The Allied invasion of France resulted in an even more chaotic situation. As the German Army retreated in France they sometimes destroyed everything, including burning down Chateaux filled with artworks, sometimes looted, and sometimes left things untouched. Similarly the advancing Allied soldiers were not averse to pilfering valuable artworks, which they shipped back home. As well as the Nazis in France moving their art spoils to the Fatherland, as the Russians approached from the East and the Americans and British from the West, within Germany artworks were moved and moved again, both away from the Russians and from the Americans. Much of it, including stolen objects from Jewish and other sources mixed in amongst them, were hidden in the salt mines in southern Germany and Austria, where the conditions of humidity and temperature were right for their storage. In addition, most of the Castles (Schloss) were completely full of stolen art works.

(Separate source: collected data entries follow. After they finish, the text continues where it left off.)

lemma F_ser_deviation:
  fixes s C z :: real and w \<rho> :: "nat \<Rightarrow> complex"
  assumes s: "0 < s" "s \<le> 1" and C: "C > 0" and q: "C * s ^ 3 \<le> 1/2"
    and W: "\<And>k. norm (w k) * s ^ k \<le> fact k * s ^ (k mod 2)" and w1: "w 1 = 0"
    and \<rho>0: "\<rho> 0 = 1" and R: "\<And>n. n \<le> 3 \<Longrightarrow> norm (\<rho> n) \<le> 5 * s ^ (2 * n)"
    and z: "\<bar>z\<bar> \<le> C * s ^ 4"
  shows "summable (\<lambda>m. \<Sum>n\<le>3. \<Sum>p\<le>n. norm (F_term w \<rho> z m n p))"
    and "norm (F_ser w \<rho> z - F_ser w \<rho> 0
               - (- \<i> * of_real z * \<rho> 1 * cnj (w 2)
                  - of_real z * (\<rho> 2 * (cnj (w 2) + cnj (w 3) / 2) - \<i> / 6 * \<rho> 3 * cnj (w 4))
                  + (of_real z)\<^sup>2 * cnj (w 2) / 2))
         \<le> deviation_const C * s ^ 8"
proof -
  define B where "B m = 40 * max 1 C ^ 6 * s ^ 8 * ((real m + 3) ^ 3 * (1/2::real) ^ m)" for m
  have sumB: "summable (\<lambda>m. 10 * B m)"
    unfolding B_def by (intro summable_mult summable_cubic_geometric)
  have tail_bound: "norm (F_term w \<rho> z m n p) \<le> B m"
    if "n \<le> 3" "p \<le> n" "\<not> leading_term m n p" for m n p
    unfolding B_def by (rule F_term_tail_bound[where w = w and \<rho> = \<rho>, OF s C q W w1 R[OF that(1)] z that])
  define L where "L m = (\<Sum>n\<le>3. \<Sum>p\<le>n. if leading_term m n p then F_term w \<rho> z m n p else 0)" for m
  define T where "T m = (\<Sum>n\<le>3. \<Sum>p\<le>n. if leading_term m n p then 0 else F_term w \<rho> z m n p)" for m
  have T_bound: "norm (T m) \<le> 10 * B m" for m
    unfolding T_def using tail_bound by (intro norm_triangle_sum_le) (auto simp: B_def)
  have sumT: "summable (\<lambda>m. norm (T m))"
    by (rule summable_comparison_test'[OF sumB]) (use T_bound in auto)
  have L_vanish: "L m = 0" if "m \<notin> {..<3}" for m
    using that unfolding L_def leading_term_def by auto
  have "F_ser w \<rho> z = (\<Sum>m. L m + T m)"
    unfolding F_ser_def L_def T_def sum.distrib[symmetric] by (intro suminf_cong sum.cong refl) auto
  also have "\<dots> = (\<Sum>m<3. L m) + (\<Sum>m. T m)"
    using suminf_add[OF summable_finite[of "{..<3}" L] summable_norm_cancel[OF sumT]]
      suminf_finite[of "{..<3}" L] L_vanish by simp
  finally have "F_ser w \<rho> z - F_ser w \<rho> 0
               - (- \<i> * of_real z * \<rho> 1 * cnj (w 2)
                  - of_real z * (\<rho> 2 * (cnj (w 2) + cnj (w 3) / 2) - \<i> / 6 * \<rho> 3 * cnj (w 4))
                  + (of_real z)\<^sup>2 * cnj (w 2) / 2) = (\<Sum>m. T m)"
    unfolding F_ser_at_0 L_def leading_terms_sum[where \<rho> = \<rho> and w = w and z = z, OF \<rho>0] by simp
  moreover have "norm (\<Sum>m. T m) \<le> deviation_const C * s ^ 8"
  proof -
    have "norm (\<Sum>m. T m) \<le> (\<Sum>m. norm (T m))" by (rule summable_norm[OF sumT])
    also have "\<dots> \<le> (\<Sum>m. 10 * B m)" by (rule suminf_le[OF T_bound sumT sumB])
    also have "\<dots> = deviation_const C * s ^ 8"
      unfolding B_def deviation_const_def
      using suminf_mult[OF summable_cubic_geometric, of "400 * max 1 C ^ 6 * s ^ 8"]
      by (simp add: mult_ac)
    finally show ?thesis .
  qed
  ultimately show "norm (F_ser w \<rho> z - F_ser w \<rho> 0
               - (- \<i> * of_real z * \<rho> 1 * cnj (w 2)
                  - of_real z * (\<rho> 2 * (cnj (w 2) + cnj (w 3) / 2) - \<i> / 6 * \<rho> 3 * cnj (w 4))
                  + (of_real z)\<^sup>2 * cnj (w 2) / 2))
         \<le> deviation_const C * s ^ 8" by simp
  show "summable (\<lambda>m. \<Sum>n\<le>3. \<Sum>p\<le>n. norm (F_term w \<rho> z m n p))"
  proof (rule summable_comparison_test'[OF sumB, where N = 3])
    fix m :: nat assume "m \<ge> 3"
    then show "norm (\<Sum>n\<le>3. \<Sum>p\<le>n. norm (F_term w \<rho> z m n p)) \<le> 10 * B m"
      using tail_bound by (intro norm_triangle_sum_le) (auto simp: leading_term_def)
  qed
qed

Because of the meticulous notes kept by Madame Valland of the Jeux de Paume gallery in Paris, the Monument Men had a list of German sites to which most of the art works had been shipped. One of them was the Neuschwanstein Schloss hoard containing the cream of French art including the impressionists and thousands of other paintings. In a vault behind a hidden steel door were boxes containing the stolen Rothschild jewelry and thousands of pieces of silver stolen from French Jewish collectors. The Monuments Men were able to post guards there to make sure none of it disappeared. In an adjoining room was a master list containing 20,000 entries each representing a stolen item. In another hoard they found the original compositions of Beethoven's symphonies. Tons of gold bars from the German national gold reserves and 400 tons of art from the Berlin museums was stashed In a salt mine. This required a major military convoy to take to a safe location in the rear.

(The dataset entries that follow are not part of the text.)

theorem theorem3p1:
  fixes E M :: real
    and \<V> :: "real^3^'N \<Rightarrow> (real^3^'n \<Rightarrow> complex) \<Rightarrow> (real^3^'n \<Rightarrow> complex)"
    and D :: "real^3^'N \<Rightarrow> (real^3^'n \<Rightarrow> complex) set"
    and \<theta> :: "real^3^'N \<Rightarrow> real"
    and \<psi> :: "real^3^'N \<Rightarrow> real^3^'n \<Rightarrow> complex"
    and Ghat :: "real^3^'N \<Rightarrow> real"
    and T :: "real set"
    and X P :: "real \<Rightarrow> real^3^'N"
    and G :: "real \<Rightarrow> real"
  assumes M_pos: "M > 0"
    and op: "\<And>Y. sym_op (D Y) (\<V> Y)"
    and psi_dom: "\<And>Y. \<psi> Y \<in> D Y"
    and theta_smooth: "smooth \<theta>"
    and psi_smooth: "\<And>x. smooth (\<lambda>Y. \<psi> Y x)"
    and Ghat_smooth: "smooth Ghat"
    and Ghat_pos: "\<And>Y. Ghat Y > 0"
    and eikonal: "\<And>Y. HS (V0 \<V> \<psi>) E Y (grad \<theta> Y) = 0"
    and T_open: "open T"
    and X_dot: "\<And>t. t \<in> T \<Longrightarrow> (X has_vector_derivative P t) (at t)"
    and P_dot: "\<And>t. t \<in> T \<Longrightarrow> (P has_vector_derivative - grad (\<lambda>Y. Re (V0 \<V> \<psi> Y)) (X t)) (at t)"
    and P_grad: "\<And>t. t \<in> T \<Longrightarrow> P t = grad \<theta> (X t)"
    and G_pos: "\<And>t. t \<in> T \<Longrightarrow> G t > 0"
    and G_log: "\<And>t. t \<in> T \<Longrightarrow> ((\<lambda>s. ln (G s)) has_real_derivative (lap \<theta> (X t) / 2)) (at t)"
    and Ghat_G: "\<And>t. t \<in> T \<Longrightarrow> Ghat (X t) = G t"
    and transport: "\<And>t x. t \<in> T \<Longrightarrow>
        \<i> * complex_of_real (1 / sqrt M) * vector_derivative (\<lambda>s. \<psi> (X s) x) (at t)
        = \<V> (X t) (\<psi> (X t)) x - V0 \<V> \<psi> (X t) * \<psi> (X t) x
          - complex_of_real (G t / (2 * M)) * lap (\<lambda>Y. \<psi> Y x / complex_of_real (Ghat Y)) (X t)"
  shows "\<forall>t\<in>T. \<forall>x.
           Ham \<V> M (\<lambda>y Y. complex_of_real (1 / Ghat Y) * \<psi> Y y * exp (\<i> * complex_of_real (sqrt M * \<theta> Y))) x (X t)
         = complex_of_real E * (complex_of_real (1 / Ghat (X t)) * \<psi> (X t) x * exp (\<i> * complex_of_real (sqrt M * \<theta> (X t))))"
proof (intro ballI allI)
  fix t x
  assume t: "t \<in> T"
  have \<theta>: "twice_differentiable \<theta>" and \<psi>: "twice_differentiable (\<lambda>Y. \<psi> Y x)"
    and Ghat: "twice_differentiable Ghat"
    using theta_smooth psi_smooth Ghat_smooth by (simp_all add: smooth_imp_twice_differentiable)
  have Ghat_nz: "Ghat Y \<noteq> 0" for Y
    using Ghat_pos[of Y] by simp
  have u: "twice_differentiable (\<lambda>Y. \<psi> Y x / of_real (Ghat Y))"
    using Ghat_nz by (intro twice_differentiable_divide \<psi> twice_differentiable_of_real Ghat) simp
  have "(X has_vector_derivative grad \<theta> (X t)) (at t)"
    using X_dot[OF t] P_grad[OF t] by simp
  then have amplitude_derivative: "pd (grad \<theta> (X t)) (\<lambda>Y. \<psi> Y x / of_real (Ghat Y)) (X t)
      = (vector_derivative (\<lambda>s. \<psi> (X s) x) (at t) - of_real (lap \<theta> (X t) / 2) * \<psi> (X t) x)
        / of_real (Ghat (X t))"
    using \<psi> Ghat unfolding twice_differentiable_def
    by (intro pd_quotient_along_trajectory[where X = X and Ghat = Ghat,
          OF T_open t G_pos Ghat_G G_log[OF t]]) simp_all
  have "\<i> * (1 / of_real (sqrt M)) * vector_derivative (\<lambda>s. \<psi> (X s) x) (at t)
      = \<V> (X t) (\<psi> (X t)) x - V0 \<V> \<psi> (X t) * \<psi> (X t) x
        - of_real (Ghat (X t)) / (2 * (of_real (sqrt M))\<^sup>2)
          * lap (\<lambda>Y. \<psi> Y x / of_real (Ghat Y)) (X t)"
    using transport[OF t, of x] M_pos by (simp add: Ghat_G[OF t] flip: of_real_power)
  moreover have "of_real ((norm (grad \<theta> (X t)))\<^sup>2) / 2 + V0 \<V> \<psi> (X t) - of_real E = 0"
    using eikonal[of "X t"] by (simp add: HS_def)
  ultimately show "Ham \<V> M (\<lambda>y Y. of_real (1 / Ghat Y) * \<psi> Y y * exp (\<i> * of_real (sqrt M * \<theta> Y)))
      x (X t) = of_real E * (of_real (1 / Ghat (X t)) * \<psi> (X t) x * exp (\<i> * of_real (sqrt M * \<theta> (X t))))"
    unfolding Ham_wkb_ansatz[OF M_pos op psi_dom \<theta> u] amplitude_derivative
    using M_pos Ghat_nz by (intro wkb_cancellation) simp_all
qed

According to the laws of war all this "loot" became the property of the US Government and could only be returned to other sovereign Governments, not directly to individuals. During the chaos of war so much had been looted, stolen and lost that to recover anything was considered a success. One French Jewish collector who survived the war in the US recovered 400 paintings out of 14,000 items that he had had in his collection. The art and culture of Europe had been dispersed and intermingled, yet much that was most important had miraculously survived intact.